The optimism has since foundered in a swamp of difficulties.  Various countries’ efforts to encourage carbon off-setting through taxes (under the guise of ‘cap and trade’ markets) were subverted by industry lobbying for cheap or free emission rations (and in the case of Australia, were repealed by parliament under corporate pressure). So no universal system to support the value of conserved carbon has been allowed to develop, and its price has fallen too low to support commercial investments. 
 
Thus, despite some progress, the underlying negotiations about all aspects of making REDD+ transactions happen have stalled. Many citizens are unwilling to pay for carbon conservation (whether through higher energy prices or direct taxes), and many governments are unwilling to divert fast enough and far enough from ‘business as usual’.
 

Leading the way

 
But Indonesia, one of the largest GHG emitters in the 2000s, is a partial exception. In 2010, it signed a letter of intent to accept up to one billion US dollars under the Indonesia-Norway REDD+ Partnership, most of it payable for reducing emissions in the forest and peatland sector. 
 
Norway also negotiated REDD+ agreements with Brazil and Guyana. All stand out for their ‘game-changing’ intent (the ‘game’, of course, being very different in each country) and the large amounts of money on the table.
 
With presidential leadership and start-up funds from Norway and others, some of Indonesia’s best and brightest officials and administrators were tasked with making REDD+ happen.  But the scale of the challenge soon became clear. At the root of deforestation was how decisions affecting the use of land and forests were being made throughout Indonesian society — driven and distorted by the plantation sector’s demands, and by a lack of transparency, accurate maps, and accountability.
 
Achieving REDD+ goals would require much more than a series of government-to-government and central-to-local carbon accounting transactions. It would also need wholesale reform of governance in the country’s forest and land-use sector.
 
Indonesia has achieved much, especially at the central government level. It has improved transparency and cooperation on land-use mapping and planning among formerly secretive ministries. It established a REDD+ agency, which has encouraged and enabled a serious willingness, in some provinces, to sort out conflicting land claims of indigenous peoples, mines, plantations and others. An Indonesian National Carbon Accounting System can now inform decisions that could lead to low-carbon or high-carbon directions, and that can make REDD+ deals work. 
 

Expect change, but slowly

 
Yet Indonesia’s overall deforestation rate remains stubbornly high. Why?
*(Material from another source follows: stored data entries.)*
lemma phase: "\<bar>\<phi>\<bar> < pi/2" "sin \<phi> = \<rho>" "cos \<phi> = rhobar \<rho>"
  using rho_bounds arcsin_lt_bounded[of \<rho>]
  by (auto simp: \<phi>_def rhobar_def cos_arcsin)

lemma cos_phase_pos: "0 < cos \<phi>"
  using phase(1) by (rule cos_gt_zero_if_abs_less)

lemma omega_pos: "0 < \<omega>"
  using xi_pos tau_pos cos_phase_pos by (simp add: \<omega>_def phase(3)[symmetric])

lemma kappa_nonneg: "0 \<le> \<kappa>"
  using t_nonneg by (simp add: \<kappa>_def)

lemma abs_omega_mult_less_pi: "\<bar>\<omega> * u + \<phi>\<bar> \<le> pi/2 \<Longrightarrow> \<bar>\<omega> * u\<bar> < pi"
  using phase(1) by linarith

lemma mult_sin_omega_pos:
  assumes "u \<noteq> 0" "\<bar>\<omega> * u + \<phi>\<bar> \<le> pi/2"
  shows "0 < u * sin (\<omega> * u)"
proof -
  have "0 < (\<omega> * u) * sin (\<omega> * u)"
    using assms omega_pos abs_omega_mult_less_pi by (intro mult_sin_pos) auto
  then show ?thesis using omega_pos by (simp add: zero_less_mult_iff mult.assoc)
qed

lemma omega_mult: "\<xi> * rhobar \<rho> * \<tau> * u / 2 = \<omega> * u"
  by (simp add: \<omega>_def)

lemma Xi_den_eq:
  assumes "sin (\<omega> * u) \<noteq> 0"
  shows "Xi_den \<xi> \<rho> u s \<tau> = (\<xi> * cos (\<omega> * u + \<phi>) - \<xi>\<^sup>2 * s / 2 * u * sin (\<omega> * u)) / sin (\<omega> * u)"
proof -
  have "rhobar \<rho> * cot (\<omega> * u) - \<rho> = cos \<phi> * cos (\<omega> * u) / sin (\<omega> * u) - sin \<phi>"
    by (simp add: cot_def phase)
  also have "\<dots> = cos (\<omega> * u + \<phi>) / sin (\<omega> * u)"
    using assms by (simp add: cos_add field_simps)
  finally have cot_eq: "rhobar \<rho> * cot (\<omega> * u) - \<rho> = cos (\<omega> * u + \<phi>) / sin (\<omega> * u)" .
  show ?thesis
    unfolding Xi_den_def omega_mult cot_eq using assms by (simp add: field_simps)
qed

lemma Xi_eq:
  assumes "\<bar>\<omega> * u + \<phi>\<bar> \<le> pi/2"
  shows "Xi v \<xi> \<rho> u s \<tau> = v * u * sin (\<omega> * u) / (\<xi> * cos (\<omega> * u + \<phi>) - \<xi>\<^sup>2 * s / 2 * u * sin (\<omega> * u))"
proof (cases "u = 0")
  case False
  then have "sin (\<omega> * u) \<noteq> 0" using mult_sin_omega_pos[OF _ assms] by fastforce
  then show ?thesis
    using False unfolding Xi_def Xi_den_eq[OF \<open>sin (\<omega> * u) \<noteq> 0\<close>]
    by (simp add: divide_divide_eq_right mult_ac)
qed (simp add: Xi_def)

lemma open_U: "open U"
  unfolding U_def den_def by (intro open_Collect_conj open_Collect_less continuous_intros)

lemma closure_U_subset: "closure U \<subseteq> {u. \<bar>\<omega> * u + \<phi>\<bar> \<le> pi/2 \<and> 0 \<le> den u}"
proof (rule closure_minimal)
  show "closed {u. \<bar>\<omega> * u + \<phi>\<bar> \<le> pi/2 \<and> 0 \<le> den u}"
    unfolding den_def by (intro closed_Collect_conj closed_Collect_le continuous_intros)
qed (auto simp: U_def)

lemma zero_in_U: "0 \<in> U"
  using phase(1) cos_phase_pos xi_pos by (simp add: U_def den_def)

definition Xi_level :: "real set" where
  "Xi_level = {u. Xi_defined \<xi> \<rho> u 0 \<tau> \<and> (t = 0 \<or> Xi v \<xi> \<rho> u 0 \<tau> < 2 * v / (\<xi>\<^sup>2 * t))}"

lemma mem_Xi_level_iff:
  assumes strip: "\<bar>\<omega> * u + \<phi>\<bar> \<le> pi/2"
  shows "u \<in> Xi_level \<longleftrightarrow> u \<in> U"
proof (cases "u = 0")
  case True
  have "t = 0 \<or> 0 < 2 * v / (\<xi>\<^sup>2 * t)"
    using v_pos xi_pos t_nonneg by (cases "t = 0") (auto intro!: divide_pos_pos)
  then show ?thesis
    using True zero_in_U by (auto simp: Xi_level_def Xi_defined_def Xi_def)
next
  case False
  then have sin_ne: "sin (\<omega> * u) \<noteq> 0" using mult_sin_omega_pos[OF _ strip] by fastforce
  show ?thesis
  proof (cases "\<bar>\<omega> * u + \<phi>\<bar> < pi/2")
    case False
    then have "cos (\<omega> * u + \<phi>) = 0" using strip by (intro cos_eq_zero_if_abs_eq) arith
    then have "\<not> Xi_defined \<xi> \<rho> u 0 \<tau>"
      using \<open>u \<noteq> 0\<close> by (simp add: Xi_defined_def Xi_den_eq[OF sin_ne])
    then show ?thesis using False by (simp add: Xi_level_def U_def)
  next
    case True
    then have cos_pos: "0 < cos (\<omega> * u + \<phi>)" by (rule cos_gt_zero_if_abs_less)
    have "Xi_defined \<xi> \<rho> u 0 \<tau>"
      using sin_ne cos_pos xi_pos by (simp add: Xi_defined_def omega_mult Xi_den_eq[OF sin_ne])
    moreover have "(t = 0 \<or> Xi v \<xi> \<rho> u 0 \<tau> < 2 * v / (\<xi>\<^sup>2 * t)) \<longleftrightarrow> 0 < den u"
    proof (cases "t = 0")
      case False
      then have "0 < t" using t_nonneg by simp
      have "Xi v \<xi> \<rho> u 0 \<tau> = v * (u * sin (\<omega> * u)) / (\<xi> * cos (\<omega> * u + \<phi>))"
        using Xi_eq[OF strip, of 0] by simp
      also have "\<dots> < 2 * v / (\<xi>\<^sup>2 * t) \<longleftrightarrow>
          v * (u * sin (\<omega> * u) * (\<xi>\<^sup>2 * t)) < v * (2 * (\<xi> * cos (\<omega> * u + \<phi>)))"
        using \<open>0 < t\<close> cos_pos xi_pos by (simp add: divide_simps mult_ac)
      also have "\<dots> \<longleftrightarrow> \<kappa> * (u * sin (\<omega> * u)) < \<xi> * cos (\<omega> * u + \<phi>)"
        using v_pos by (simp add: \<kappa>_def algebra_simps)
      finally show ?thesis using False by (simp add: den_def algebra_simps)
    next
      case True
      then have "\<kappa> = 0" unfolding \<kappa>_def by simp
      then have "0 < den u" unfolding den_def using cos_pos xi_pos by simp
      then show ?thesis using True by blast
    qed
    ultimately show ?thesis using True by (simp add: Xi_level_def U_def)
  qed
qed

lemma K_set_eq: "K_set v \<xi> \<rho> t \<tau> = K"
proof -
  have U_Xi_level: "U \<subseteq> Xi_level"
    using mem_Xi_level_iff by (auto simp: U_def)
  have "U = Xi_level \<inter> closure U"
    using U_Xi_level closure_subset closure_U_subset mem_Xi_level_iff by blast
  then have "closedin (top_of_set Xi_level) U"
    by (metis closedin_closed_Int closed_closure)
  then show ?thesis
    unfolding K_set_def K_def Xi_level_def[symmetric]
    by (intro connected_component_set_clopen open_subset[OF U_Xi_level open_U] zero_in_U)
qed

lemma open_K: "open K"
  unfolding K_def using open_U by (rule open_connected_component)

lemma K_subset_U: "K \<subseteq> U"
  unfolding K_def by (rule connected_component_subset)

lemma zero_in_K: "0 \<in> K"
  unfolding K_def using zero_in_U by simp

lemma convex_K: "convex K"
  unfolding K_def using connected_convex_1 connected_connected_component by blast

lemma bounded_K: "bounded K"
proof (rule bounded_subset_ballI)
  show "K \<subseteq> ball 0 (pi / \<omega>)"
    using K_subset_U abs_omega_mult_less_pi omega_pos
    by (auto simp: U_def abs_mult field_simps)
qed

lemma cos_pos_of_mem_U: "u \<in> U \<Longrightarrow> 0 < cos (\<omega> * u + \<phi>)"
  by (simp add: U_def cos_gt_zero_if_abs_less)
I would say because, while the hope of compensation (from REDD+) can motivate for a few months, it is governance reform (from political change) that carries the real weight in the longer term. Inevitably, political change takes time and requires effort, money, politics and legislation, protests and test-cases, experience and learning. 
 
This is the very fabric of capacity building, and it’s slow, hard work. But I believe that Indonesia shows that it can be done.
 
On the one hand, science has had very little to do with it. On the other, with policies and politics heading in the right direction, the need for organised knowledge is increasingly recognised. So science — including tools such as carbon maps and citizen GPS reports — can contribute decisively.
 
The global deal on carbon storage may one day be sealed if a stable and realistic price for conserved carbon can be established and maintained through binding international agreements or other innovative means. We may need to think way outside the scope of what’s on the negotiation agenda at the COP20 (Conference of the Parties to the UN Framework Convention on Climate Change) in December, or the UN Climate Summit later this month. But whatever we do, we should keep in mind that securing carbon in natural ecosystems is a conservation process rather than just a banking or bureaucratic one 
 
In the meantime, much can be achieved through empowering local people to conserve carbon, water and biodiversity in their own interests.
 
Julian Caldecott is director of Creatura Ltd, and led the team tasked to develop an EU-Indonesia climate programme in 2009-2010, and to evaluate the Norway–Indonesia REDD+ Partnership in 2011 and 2013.